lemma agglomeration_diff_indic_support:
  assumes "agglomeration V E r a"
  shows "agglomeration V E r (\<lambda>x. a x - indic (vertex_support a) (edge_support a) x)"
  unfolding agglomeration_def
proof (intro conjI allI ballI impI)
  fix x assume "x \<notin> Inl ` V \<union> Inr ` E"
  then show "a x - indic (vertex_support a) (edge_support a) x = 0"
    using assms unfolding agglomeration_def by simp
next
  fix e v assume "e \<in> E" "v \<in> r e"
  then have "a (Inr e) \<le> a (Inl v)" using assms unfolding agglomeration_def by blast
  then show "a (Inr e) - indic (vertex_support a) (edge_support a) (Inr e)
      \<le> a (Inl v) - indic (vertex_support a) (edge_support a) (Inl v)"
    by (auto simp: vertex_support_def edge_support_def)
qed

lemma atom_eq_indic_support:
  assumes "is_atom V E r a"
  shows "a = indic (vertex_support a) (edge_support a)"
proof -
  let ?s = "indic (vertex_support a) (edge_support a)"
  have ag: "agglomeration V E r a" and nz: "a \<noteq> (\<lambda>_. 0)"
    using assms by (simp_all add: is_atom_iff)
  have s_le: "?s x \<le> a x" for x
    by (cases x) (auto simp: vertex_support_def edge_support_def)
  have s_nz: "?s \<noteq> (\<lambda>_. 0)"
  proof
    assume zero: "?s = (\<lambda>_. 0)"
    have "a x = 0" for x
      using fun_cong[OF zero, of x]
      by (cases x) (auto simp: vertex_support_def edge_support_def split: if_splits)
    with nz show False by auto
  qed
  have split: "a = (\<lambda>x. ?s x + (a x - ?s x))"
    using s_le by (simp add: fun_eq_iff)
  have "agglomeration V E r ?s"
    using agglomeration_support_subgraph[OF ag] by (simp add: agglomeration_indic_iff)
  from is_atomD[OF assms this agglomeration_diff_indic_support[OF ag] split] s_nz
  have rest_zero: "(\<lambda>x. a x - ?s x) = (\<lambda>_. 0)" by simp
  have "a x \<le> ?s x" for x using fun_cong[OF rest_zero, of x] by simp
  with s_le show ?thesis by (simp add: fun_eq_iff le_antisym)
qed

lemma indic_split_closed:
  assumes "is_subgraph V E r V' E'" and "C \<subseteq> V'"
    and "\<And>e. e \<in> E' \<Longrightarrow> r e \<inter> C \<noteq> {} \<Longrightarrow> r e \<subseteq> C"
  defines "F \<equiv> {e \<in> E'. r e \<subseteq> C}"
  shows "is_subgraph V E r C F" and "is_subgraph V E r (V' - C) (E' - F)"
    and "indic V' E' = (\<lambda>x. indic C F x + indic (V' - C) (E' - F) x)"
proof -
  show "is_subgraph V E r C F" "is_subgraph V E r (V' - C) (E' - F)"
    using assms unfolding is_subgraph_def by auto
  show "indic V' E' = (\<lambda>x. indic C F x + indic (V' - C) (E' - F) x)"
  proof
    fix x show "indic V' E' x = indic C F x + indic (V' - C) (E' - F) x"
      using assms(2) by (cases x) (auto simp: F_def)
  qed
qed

_PROBLEM_:
Send back all of the material exactly as given.

_WRITTEN SOLUTION_:
lemma agglomeration_diff_indic_support:
  assumes "agglomeration V E r a"
  shows "agglomeration V E r (\<lambda>x. a x - indic (vertex_support a) (edge_support a) x)"
  unfolding agglomeration_def
proof (intro conjI allI ballI impI)
  fix x assume "x \<notin> Inl ` V \<union> Inr ` E"
  then show "a x - indic (vertex_support a) (edge_support a) x = 0"
    using assms unfolding agglomeration_def by simp
next
  fix e v assume "e \<in> E" "v \<in> r e"
  then have "a (Inr e) \<le> a (Inl v)" using assms unfolding agglomeration_def by blast
  then show "a (Inr e) - indic (vertex_support a) (edge_support a) (Inr e)
      \<le> a (Inl v) - indic (vertex_support a) (edge_support a) (Inl v)"
    by (auto simp: vertex_support_def edge_support_def)
qed

lemma atom_eq_indic_support:
  assumes "is_atom V E r a"
  shows "a = indic (vertex_support a) (edge_support a)"
proof -
  let ?s = "indic (vertex_support a) (edge_support a)"
  have ag: "agglomeration V E r a" and nz: "a \<noteq> (\<lambda>_. 0)"
    using assms by (simp_all add: is_atom_iff)
  have s_le: "?s x \<le> a x" for x
    by (cases x) (auto simp: vertex_support_def edge_support_def)
  have s_nz: "?s \<noteq> (\<lambda>_. 0)"
  proof
    assume zero: "?s = (\<lambda>_. 0)"
    have "a x = 0" for x
      using fun_cong[OF zero, of x]
      by (cases x) (auto simp: vertex_support_def edge_support_def split: if_splits)
    with nz show False by auto
  qed
  have split: "a = (\<lambda>x. ?s x + (a x - ?s x))"
    using s_le by (simp add: fun_eq_iff)
  have "agglomeration V E r ?s"
    using agglomeration_support_subgraph[OF ag] by (simp add: agglomeration_indic_iff)
  from is_atomD[OF assms this agglomeration_diff_indic_support[OF ag] split] s_nz
  have rest_zero: "(\<lambda>x. a x - ?s x) = (\<lambda>_. 0)" by simp
  have "a x \<le> ?s x" for x using fun_cong[OF rest_zero, of x] by simp
  with s_le show ?thesis by (simp add: fun_eq_iff le_antisym)
qed

lemma indic_split_closed:
  assumes "is_subgraph V E r V' E'" and "C \<subseteq> V'"
    and "\<And>e. e \<in> E' \<Longrightarrow> r e \<inter> C \<noteq> {} \<Longrightarrow> r e \<subseteq> C"
  defines "F \<equiv> {e \<in> E'. r e \<subseteq> C}"
  shows "is_subgraph V E r C F" and "is_subgraph V E r (V' - C) (E' - F)"
    and "indic V' E' = (\<lambda>x. indic C F x + indic (V' - C) (E' - F) x)"
proof -
  show "is_subgraph V E r C F" "is_subgraph V E r (V' - C) (E' - F)"
    using assms unfolding is_subgraph_def by auto
  show "indic V' E' = (\<lambda>x. indic C F x + indic (V' - C) (E' - F) x)"
  proof
    fix x show "indic V' E' x = indic C F x + indic (V' - C) (E' - F) x"
      using assms(2) by (cases x) (auto simp: F_def)
  qed
qed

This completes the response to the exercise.